**What you are asked to do:** Answer with one number: the count of lines in this material that hold the word "onorm".

**Data provided:**

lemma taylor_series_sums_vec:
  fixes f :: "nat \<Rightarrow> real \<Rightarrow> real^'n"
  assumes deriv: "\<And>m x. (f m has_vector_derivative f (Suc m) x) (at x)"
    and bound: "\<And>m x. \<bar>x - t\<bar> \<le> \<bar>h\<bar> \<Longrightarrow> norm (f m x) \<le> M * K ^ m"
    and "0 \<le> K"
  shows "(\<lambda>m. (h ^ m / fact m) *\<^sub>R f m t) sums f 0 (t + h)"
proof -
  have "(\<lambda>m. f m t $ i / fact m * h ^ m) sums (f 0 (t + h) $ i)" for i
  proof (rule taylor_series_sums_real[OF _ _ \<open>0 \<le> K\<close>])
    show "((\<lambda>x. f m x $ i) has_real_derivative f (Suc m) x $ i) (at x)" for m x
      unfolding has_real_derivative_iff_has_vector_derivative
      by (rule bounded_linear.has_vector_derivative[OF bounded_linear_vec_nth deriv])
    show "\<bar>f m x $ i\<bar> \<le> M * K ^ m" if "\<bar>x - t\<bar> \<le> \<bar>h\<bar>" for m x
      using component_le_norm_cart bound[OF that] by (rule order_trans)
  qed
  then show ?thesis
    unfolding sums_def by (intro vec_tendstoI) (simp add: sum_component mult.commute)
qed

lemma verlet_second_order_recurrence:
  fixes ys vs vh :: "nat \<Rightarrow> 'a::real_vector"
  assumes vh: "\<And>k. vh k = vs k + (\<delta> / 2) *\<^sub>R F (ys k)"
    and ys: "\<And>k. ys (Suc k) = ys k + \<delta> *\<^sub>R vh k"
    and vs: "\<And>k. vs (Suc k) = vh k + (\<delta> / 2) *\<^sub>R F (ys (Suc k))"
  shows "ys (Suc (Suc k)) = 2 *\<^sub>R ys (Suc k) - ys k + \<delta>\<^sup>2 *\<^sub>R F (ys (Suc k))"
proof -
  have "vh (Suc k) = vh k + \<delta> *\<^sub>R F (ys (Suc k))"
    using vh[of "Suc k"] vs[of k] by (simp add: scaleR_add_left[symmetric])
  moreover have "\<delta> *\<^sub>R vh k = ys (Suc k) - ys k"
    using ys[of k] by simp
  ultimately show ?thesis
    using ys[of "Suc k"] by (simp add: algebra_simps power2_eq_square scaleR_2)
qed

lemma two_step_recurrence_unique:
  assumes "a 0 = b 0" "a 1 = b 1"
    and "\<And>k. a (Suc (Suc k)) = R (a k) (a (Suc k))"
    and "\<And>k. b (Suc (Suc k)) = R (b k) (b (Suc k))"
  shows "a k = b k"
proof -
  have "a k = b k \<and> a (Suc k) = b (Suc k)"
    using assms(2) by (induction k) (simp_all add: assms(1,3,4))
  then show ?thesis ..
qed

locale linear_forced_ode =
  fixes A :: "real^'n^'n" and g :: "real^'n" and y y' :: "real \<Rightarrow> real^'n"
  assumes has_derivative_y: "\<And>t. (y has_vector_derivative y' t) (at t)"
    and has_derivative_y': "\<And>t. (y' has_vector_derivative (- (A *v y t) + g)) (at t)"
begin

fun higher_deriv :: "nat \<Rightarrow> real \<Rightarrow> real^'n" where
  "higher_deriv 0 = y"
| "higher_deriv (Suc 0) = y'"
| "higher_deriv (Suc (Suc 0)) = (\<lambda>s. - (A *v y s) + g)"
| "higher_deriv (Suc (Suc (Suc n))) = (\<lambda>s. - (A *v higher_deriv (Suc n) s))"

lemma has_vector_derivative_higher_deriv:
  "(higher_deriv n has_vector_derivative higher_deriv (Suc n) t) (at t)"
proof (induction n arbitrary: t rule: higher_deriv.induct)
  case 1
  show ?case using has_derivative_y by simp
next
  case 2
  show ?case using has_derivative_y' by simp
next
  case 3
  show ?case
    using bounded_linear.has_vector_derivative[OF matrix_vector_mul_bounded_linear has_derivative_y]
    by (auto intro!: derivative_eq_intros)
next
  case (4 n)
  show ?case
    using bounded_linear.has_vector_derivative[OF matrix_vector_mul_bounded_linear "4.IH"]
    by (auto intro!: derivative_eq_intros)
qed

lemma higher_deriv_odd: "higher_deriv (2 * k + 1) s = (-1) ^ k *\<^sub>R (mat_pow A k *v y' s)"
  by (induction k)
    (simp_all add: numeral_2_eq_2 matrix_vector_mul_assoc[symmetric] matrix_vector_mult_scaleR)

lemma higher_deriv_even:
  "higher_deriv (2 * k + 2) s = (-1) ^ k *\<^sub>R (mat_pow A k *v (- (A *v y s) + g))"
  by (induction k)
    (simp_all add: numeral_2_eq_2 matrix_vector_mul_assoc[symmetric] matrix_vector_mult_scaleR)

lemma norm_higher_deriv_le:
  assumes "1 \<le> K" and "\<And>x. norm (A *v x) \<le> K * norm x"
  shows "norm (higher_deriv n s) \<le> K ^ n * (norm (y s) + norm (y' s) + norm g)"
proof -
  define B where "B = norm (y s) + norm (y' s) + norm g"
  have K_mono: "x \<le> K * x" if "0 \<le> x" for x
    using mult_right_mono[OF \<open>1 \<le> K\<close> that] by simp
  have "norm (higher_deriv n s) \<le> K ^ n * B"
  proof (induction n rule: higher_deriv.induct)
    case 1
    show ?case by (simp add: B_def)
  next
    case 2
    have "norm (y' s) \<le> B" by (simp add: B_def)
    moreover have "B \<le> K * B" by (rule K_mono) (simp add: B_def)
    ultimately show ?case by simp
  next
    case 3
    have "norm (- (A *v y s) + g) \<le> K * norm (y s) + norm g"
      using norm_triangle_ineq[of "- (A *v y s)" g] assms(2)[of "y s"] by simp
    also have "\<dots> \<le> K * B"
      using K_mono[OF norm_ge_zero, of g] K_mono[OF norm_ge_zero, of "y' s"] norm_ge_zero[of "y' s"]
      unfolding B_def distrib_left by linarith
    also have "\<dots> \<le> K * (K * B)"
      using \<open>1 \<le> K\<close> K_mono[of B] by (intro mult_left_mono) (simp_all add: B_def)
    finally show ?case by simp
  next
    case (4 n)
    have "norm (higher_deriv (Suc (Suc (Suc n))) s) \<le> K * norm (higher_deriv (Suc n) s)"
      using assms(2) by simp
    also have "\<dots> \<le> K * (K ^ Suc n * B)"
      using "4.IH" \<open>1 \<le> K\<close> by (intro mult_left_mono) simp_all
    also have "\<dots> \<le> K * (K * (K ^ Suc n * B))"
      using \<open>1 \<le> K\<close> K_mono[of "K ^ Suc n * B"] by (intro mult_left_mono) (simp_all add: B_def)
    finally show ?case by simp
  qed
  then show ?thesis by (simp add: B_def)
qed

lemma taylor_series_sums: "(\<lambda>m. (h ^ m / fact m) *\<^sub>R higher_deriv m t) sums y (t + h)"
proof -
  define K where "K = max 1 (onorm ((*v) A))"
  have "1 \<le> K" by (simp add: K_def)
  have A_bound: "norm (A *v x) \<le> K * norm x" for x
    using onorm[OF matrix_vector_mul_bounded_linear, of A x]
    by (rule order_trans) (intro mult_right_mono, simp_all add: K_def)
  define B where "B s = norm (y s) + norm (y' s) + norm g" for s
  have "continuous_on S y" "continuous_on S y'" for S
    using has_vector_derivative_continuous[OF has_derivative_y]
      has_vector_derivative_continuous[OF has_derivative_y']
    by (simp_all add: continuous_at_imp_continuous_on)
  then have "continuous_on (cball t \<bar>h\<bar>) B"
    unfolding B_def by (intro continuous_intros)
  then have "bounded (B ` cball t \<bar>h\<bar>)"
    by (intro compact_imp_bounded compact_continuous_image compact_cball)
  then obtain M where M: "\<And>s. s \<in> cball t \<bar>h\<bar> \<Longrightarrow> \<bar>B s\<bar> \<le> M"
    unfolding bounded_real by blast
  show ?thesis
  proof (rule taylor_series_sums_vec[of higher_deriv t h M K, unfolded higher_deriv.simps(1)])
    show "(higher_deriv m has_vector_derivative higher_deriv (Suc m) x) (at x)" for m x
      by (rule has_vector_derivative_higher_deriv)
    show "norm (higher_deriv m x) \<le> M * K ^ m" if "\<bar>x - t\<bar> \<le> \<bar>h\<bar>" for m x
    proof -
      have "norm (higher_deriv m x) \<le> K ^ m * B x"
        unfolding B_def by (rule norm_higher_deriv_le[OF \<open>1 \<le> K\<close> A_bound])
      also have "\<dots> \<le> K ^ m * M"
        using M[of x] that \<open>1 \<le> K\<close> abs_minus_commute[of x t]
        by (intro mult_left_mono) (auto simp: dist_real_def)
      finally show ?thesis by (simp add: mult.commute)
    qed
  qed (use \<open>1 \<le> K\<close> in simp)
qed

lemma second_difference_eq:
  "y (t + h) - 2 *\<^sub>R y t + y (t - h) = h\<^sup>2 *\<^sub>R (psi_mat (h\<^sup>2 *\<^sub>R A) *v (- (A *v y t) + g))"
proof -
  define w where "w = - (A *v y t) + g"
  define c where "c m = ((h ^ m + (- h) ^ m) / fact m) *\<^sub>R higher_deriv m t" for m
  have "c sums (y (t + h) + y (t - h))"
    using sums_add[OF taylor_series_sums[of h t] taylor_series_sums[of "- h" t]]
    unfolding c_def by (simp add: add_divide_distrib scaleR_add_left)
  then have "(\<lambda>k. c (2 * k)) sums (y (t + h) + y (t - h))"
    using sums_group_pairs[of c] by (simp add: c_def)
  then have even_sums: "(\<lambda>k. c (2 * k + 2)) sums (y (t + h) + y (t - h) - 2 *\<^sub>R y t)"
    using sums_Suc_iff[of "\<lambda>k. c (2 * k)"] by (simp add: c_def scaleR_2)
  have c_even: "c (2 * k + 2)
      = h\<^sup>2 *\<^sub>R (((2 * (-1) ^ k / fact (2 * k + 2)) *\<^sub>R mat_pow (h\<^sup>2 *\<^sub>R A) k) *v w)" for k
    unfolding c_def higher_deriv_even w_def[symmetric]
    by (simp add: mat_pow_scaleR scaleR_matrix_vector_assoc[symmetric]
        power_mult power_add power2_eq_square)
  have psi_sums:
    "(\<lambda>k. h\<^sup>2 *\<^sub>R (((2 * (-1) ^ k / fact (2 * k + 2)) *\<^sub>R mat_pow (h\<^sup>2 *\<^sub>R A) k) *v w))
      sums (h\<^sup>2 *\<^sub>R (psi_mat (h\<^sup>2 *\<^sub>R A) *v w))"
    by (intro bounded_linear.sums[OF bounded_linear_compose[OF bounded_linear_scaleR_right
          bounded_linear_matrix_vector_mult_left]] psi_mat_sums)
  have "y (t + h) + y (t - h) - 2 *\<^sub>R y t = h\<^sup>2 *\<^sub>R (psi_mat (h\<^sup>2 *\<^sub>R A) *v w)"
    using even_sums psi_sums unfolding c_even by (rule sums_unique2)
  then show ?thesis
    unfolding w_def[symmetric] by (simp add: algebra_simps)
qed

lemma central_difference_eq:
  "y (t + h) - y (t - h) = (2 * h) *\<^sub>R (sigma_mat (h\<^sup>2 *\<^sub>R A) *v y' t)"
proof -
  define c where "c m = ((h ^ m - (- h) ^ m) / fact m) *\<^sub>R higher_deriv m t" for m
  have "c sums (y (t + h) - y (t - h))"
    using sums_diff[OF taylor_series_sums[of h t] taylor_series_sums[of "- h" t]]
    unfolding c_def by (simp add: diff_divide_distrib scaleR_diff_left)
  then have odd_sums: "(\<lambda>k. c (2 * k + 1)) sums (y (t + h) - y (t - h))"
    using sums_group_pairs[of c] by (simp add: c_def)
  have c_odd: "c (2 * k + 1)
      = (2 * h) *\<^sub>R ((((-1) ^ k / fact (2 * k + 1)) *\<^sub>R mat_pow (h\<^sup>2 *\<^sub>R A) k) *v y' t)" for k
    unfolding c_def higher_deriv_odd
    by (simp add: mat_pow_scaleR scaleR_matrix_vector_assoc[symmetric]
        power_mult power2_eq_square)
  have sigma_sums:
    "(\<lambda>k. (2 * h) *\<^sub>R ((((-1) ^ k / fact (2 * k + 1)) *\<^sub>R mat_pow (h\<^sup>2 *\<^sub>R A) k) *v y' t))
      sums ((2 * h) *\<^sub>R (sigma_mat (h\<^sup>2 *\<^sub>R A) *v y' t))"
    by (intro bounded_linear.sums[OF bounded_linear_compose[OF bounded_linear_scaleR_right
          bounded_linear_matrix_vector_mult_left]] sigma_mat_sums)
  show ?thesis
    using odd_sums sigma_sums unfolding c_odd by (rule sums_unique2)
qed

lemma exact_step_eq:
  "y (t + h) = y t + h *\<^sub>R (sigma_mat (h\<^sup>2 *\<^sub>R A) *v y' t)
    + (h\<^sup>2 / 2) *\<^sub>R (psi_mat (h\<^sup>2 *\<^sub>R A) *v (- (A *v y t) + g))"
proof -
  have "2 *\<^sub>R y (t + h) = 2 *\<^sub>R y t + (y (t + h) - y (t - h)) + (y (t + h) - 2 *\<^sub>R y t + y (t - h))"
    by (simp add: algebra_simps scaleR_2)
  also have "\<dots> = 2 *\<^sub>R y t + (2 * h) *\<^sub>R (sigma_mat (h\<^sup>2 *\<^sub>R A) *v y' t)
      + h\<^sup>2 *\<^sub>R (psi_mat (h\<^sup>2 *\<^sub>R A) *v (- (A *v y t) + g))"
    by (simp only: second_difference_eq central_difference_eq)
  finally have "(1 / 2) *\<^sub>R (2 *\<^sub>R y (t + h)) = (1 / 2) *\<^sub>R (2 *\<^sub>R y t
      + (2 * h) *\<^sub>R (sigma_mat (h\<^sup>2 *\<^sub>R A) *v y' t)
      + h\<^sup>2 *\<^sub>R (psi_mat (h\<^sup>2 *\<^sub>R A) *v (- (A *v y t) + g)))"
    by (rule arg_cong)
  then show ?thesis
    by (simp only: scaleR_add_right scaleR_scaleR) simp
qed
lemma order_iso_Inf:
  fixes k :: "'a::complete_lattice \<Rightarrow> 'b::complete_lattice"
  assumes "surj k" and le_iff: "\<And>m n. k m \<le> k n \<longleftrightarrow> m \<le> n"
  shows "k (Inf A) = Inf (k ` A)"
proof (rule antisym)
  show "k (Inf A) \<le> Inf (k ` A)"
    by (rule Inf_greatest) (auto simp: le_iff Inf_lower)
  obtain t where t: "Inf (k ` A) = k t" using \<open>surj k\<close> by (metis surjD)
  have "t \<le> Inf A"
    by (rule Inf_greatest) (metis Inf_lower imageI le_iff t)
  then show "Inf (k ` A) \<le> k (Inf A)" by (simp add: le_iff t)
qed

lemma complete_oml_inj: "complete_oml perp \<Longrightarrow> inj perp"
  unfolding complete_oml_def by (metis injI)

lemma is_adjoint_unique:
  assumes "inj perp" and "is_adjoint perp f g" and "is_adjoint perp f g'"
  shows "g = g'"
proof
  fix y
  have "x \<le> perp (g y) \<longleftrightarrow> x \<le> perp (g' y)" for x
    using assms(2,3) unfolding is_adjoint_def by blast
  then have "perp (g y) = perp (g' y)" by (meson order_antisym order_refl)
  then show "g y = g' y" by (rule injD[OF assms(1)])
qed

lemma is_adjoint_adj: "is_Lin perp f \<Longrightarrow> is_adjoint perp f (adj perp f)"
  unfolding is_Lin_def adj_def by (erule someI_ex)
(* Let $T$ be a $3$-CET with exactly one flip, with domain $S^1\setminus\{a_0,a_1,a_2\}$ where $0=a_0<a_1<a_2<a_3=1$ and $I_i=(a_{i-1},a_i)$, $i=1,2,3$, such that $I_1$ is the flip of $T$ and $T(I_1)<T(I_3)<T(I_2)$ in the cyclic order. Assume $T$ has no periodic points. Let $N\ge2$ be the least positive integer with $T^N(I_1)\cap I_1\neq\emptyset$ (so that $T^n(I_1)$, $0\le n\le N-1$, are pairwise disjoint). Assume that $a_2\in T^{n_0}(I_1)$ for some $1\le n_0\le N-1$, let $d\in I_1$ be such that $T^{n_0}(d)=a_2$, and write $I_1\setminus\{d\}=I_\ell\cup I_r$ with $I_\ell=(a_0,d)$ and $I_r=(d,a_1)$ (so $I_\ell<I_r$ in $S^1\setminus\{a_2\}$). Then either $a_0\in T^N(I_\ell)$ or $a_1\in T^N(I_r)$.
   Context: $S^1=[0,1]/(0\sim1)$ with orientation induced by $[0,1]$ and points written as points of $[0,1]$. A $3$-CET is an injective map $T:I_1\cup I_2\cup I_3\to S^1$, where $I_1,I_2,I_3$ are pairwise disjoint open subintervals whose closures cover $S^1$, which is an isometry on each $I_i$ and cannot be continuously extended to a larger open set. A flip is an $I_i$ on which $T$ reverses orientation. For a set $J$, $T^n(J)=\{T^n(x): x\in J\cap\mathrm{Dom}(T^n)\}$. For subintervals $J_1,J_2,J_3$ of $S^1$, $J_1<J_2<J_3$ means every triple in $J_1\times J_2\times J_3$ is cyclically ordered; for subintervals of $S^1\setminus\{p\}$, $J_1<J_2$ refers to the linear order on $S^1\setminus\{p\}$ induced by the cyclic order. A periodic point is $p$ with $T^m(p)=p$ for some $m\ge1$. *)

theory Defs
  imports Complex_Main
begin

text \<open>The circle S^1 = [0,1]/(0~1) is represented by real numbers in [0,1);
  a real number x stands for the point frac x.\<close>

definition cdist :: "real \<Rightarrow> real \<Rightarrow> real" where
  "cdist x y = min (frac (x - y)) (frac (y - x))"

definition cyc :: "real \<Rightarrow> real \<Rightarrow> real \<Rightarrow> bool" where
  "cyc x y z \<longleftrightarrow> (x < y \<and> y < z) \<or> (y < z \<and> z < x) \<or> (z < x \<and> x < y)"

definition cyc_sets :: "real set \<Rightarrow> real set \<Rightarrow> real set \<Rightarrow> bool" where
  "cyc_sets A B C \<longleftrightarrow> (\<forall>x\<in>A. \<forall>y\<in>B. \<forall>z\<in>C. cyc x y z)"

**Answer to this exercise:** 2